WHAT IS EXPECTED » The required output is a copy of each line in the material below that includes "open".

MATERIAL FOR THIS EXERCISE »
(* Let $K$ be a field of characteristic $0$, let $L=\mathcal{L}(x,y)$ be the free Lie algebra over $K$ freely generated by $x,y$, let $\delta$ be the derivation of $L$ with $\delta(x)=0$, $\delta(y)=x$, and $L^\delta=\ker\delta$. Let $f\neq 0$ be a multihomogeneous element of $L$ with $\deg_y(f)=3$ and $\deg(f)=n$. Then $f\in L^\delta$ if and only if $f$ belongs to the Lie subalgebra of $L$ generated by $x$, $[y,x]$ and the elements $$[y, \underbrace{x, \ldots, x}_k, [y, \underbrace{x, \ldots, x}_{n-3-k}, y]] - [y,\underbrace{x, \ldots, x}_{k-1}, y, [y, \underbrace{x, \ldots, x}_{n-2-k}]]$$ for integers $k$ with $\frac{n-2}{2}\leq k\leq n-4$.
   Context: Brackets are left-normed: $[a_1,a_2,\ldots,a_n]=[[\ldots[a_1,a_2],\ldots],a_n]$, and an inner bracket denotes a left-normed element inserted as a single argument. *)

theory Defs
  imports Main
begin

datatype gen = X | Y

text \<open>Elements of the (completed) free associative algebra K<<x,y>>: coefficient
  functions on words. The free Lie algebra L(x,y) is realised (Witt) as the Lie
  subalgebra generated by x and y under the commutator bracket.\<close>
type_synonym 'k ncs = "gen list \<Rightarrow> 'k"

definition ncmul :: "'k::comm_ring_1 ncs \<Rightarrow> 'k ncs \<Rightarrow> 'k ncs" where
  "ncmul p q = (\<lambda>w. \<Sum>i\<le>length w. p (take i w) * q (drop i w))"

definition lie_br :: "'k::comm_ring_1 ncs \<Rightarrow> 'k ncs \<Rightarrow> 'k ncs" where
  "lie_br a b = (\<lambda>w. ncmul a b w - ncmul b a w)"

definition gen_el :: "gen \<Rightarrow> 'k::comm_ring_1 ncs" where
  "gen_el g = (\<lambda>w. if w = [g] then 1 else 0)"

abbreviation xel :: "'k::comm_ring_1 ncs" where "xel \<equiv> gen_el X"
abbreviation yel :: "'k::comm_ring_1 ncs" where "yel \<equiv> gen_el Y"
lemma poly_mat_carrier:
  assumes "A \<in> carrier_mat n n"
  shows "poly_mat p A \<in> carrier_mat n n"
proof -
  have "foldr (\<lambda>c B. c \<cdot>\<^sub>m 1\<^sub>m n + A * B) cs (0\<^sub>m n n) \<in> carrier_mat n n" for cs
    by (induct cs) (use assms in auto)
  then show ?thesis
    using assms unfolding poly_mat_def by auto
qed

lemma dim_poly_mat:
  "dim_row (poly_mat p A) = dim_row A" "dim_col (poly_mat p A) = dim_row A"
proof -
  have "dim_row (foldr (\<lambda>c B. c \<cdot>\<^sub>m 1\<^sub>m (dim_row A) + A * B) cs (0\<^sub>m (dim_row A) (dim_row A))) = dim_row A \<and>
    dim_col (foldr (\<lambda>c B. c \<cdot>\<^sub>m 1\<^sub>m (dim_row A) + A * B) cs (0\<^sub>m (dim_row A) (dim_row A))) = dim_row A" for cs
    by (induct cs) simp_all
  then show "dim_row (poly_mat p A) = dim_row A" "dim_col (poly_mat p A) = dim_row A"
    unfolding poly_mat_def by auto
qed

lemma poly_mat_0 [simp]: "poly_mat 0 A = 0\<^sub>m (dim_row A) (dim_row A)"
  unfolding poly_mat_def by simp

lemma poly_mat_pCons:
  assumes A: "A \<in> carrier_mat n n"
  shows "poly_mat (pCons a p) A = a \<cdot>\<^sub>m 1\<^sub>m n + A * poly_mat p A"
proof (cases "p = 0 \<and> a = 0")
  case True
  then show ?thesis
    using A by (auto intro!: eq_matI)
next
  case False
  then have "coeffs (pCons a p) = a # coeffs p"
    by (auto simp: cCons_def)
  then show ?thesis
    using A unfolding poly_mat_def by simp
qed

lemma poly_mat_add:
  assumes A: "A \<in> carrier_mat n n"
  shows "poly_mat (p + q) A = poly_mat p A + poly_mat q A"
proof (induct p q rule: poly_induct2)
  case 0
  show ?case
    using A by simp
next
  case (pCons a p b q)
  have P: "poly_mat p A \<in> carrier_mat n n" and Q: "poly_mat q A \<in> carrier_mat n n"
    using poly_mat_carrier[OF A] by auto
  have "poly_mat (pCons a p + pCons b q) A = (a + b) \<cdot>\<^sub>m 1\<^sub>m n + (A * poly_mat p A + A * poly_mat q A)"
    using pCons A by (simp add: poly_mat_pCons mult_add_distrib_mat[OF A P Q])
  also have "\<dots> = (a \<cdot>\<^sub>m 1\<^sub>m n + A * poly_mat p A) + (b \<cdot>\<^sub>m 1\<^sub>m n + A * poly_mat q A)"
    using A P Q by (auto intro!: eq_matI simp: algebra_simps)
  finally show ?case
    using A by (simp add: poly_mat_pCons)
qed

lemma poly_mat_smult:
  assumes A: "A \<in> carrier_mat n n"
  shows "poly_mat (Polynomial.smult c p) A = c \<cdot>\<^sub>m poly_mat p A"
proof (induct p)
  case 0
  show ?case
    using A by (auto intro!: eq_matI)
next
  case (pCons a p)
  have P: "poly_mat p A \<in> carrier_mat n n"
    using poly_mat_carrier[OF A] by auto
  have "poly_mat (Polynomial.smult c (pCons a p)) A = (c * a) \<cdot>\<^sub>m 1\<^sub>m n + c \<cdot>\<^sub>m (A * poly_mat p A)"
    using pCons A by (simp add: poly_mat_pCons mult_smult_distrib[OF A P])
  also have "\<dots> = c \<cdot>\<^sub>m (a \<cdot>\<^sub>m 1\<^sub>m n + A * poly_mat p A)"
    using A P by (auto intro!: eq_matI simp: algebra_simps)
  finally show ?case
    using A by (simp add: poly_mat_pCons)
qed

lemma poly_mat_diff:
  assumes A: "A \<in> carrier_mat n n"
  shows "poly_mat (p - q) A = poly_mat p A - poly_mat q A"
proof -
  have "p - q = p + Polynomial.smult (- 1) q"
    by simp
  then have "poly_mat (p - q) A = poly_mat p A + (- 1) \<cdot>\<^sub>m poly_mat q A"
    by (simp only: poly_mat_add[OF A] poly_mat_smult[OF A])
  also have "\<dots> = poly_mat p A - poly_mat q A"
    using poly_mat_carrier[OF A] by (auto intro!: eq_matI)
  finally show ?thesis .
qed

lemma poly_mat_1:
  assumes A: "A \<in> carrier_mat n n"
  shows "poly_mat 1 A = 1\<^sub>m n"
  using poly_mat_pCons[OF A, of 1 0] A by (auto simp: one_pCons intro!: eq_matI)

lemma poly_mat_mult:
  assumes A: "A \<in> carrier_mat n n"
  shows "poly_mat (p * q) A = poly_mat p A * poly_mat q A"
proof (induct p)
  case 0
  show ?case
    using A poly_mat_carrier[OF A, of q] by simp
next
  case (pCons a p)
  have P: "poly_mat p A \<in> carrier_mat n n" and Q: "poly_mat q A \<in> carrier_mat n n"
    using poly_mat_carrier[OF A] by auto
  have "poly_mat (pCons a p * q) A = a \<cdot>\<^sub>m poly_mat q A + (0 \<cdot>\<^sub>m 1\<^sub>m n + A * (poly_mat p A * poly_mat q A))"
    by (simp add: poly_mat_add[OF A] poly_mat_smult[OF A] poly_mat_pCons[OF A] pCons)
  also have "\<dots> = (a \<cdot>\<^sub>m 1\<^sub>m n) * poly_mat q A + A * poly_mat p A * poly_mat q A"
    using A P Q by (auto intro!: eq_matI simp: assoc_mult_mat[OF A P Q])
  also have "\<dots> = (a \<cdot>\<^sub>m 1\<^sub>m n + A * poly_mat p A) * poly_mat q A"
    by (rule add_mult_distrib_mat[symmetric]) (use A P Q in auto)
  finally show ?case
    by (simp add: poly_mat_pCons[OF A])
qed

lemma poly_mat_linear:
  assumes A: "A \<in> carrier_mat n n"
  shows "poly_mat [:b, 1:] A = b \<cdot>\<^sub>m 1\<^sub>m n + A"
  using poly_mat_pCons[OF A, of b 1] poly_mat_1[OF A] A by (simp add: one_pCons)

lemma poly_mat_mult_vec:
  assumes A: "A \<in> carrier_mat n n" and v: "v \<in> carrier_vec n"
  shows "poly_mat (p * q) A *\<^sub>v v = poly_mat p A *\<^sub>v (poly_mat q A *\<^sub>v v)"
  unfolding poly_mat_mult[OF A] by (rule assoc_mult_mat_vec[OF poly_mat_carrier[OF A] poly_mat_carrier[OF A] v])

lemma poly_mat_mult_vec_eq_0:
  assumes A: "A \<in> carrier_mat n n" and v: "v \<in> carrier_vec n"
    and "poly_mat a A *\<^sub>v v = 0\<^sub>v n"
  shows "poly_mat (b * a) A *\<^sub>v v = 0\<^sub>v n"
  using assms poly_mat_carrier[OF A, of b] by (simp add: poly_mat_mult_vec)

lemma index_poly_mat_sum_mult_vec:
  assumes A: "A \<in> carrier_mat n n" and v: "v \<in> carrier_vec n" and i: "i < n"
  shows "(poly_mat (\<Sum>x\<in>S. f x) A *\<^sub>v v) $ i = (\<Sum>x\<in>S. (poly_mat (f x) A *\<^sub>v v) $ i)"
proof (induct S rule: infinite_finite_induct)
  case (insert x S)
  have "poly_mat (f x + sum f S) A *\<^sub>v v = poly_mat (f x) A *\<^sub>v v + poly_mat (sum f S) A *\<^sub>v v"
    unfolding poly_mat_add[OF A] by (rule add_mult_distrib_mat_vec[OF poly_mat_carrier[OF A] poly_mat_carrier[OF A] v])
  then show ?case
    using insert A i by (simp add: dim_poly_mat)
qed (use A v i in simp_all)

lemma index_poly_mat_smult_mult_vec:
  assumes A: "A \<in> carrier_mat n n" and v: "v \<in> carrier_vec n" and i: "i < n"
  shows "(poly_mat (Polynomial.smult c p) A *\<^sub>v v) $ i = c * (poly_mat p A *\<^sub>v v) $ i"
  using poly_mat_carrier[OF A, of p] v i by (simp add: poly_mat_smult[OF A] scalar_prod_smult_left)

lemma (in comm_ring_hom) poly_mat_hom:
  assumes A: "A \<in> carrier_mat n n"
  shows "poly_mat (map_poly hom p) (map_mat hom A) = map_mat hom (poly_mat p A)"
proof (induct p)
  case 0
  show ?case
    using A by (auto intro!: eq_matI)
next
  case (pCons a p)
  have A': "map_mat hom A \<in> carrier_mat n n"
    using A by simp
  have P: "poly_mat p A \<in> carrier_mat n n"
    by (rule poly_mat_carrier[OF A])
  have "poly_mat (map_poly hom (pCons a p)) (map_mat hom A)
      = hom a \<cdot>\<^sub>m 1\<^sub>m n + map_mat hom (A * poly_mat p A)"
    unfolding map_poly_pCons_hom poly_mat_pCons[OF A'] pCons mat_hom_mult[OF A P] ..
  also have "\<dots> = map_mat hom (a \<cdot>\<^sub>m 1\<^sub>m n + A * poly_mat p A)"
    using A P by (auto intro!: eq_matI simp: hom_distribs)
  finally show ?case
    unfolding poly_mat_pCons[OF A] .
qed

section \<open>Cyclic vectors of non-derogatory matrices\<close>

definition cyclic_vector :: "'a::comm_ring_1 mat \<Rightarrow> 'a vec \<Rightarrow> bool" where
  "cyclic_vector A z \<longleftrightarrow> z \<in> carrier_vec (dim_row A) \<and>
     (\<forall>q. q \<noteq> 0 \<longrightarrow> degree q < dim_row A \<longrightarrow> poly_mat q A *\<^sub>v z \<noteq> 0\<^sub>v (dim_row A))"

WRITTEN ANSWER »
text \<open>Elements of the (completed) free associative algebra K<<x,y>>: coefficient
section \<open>Cyclic vectors of non-derogatory matrices\<close>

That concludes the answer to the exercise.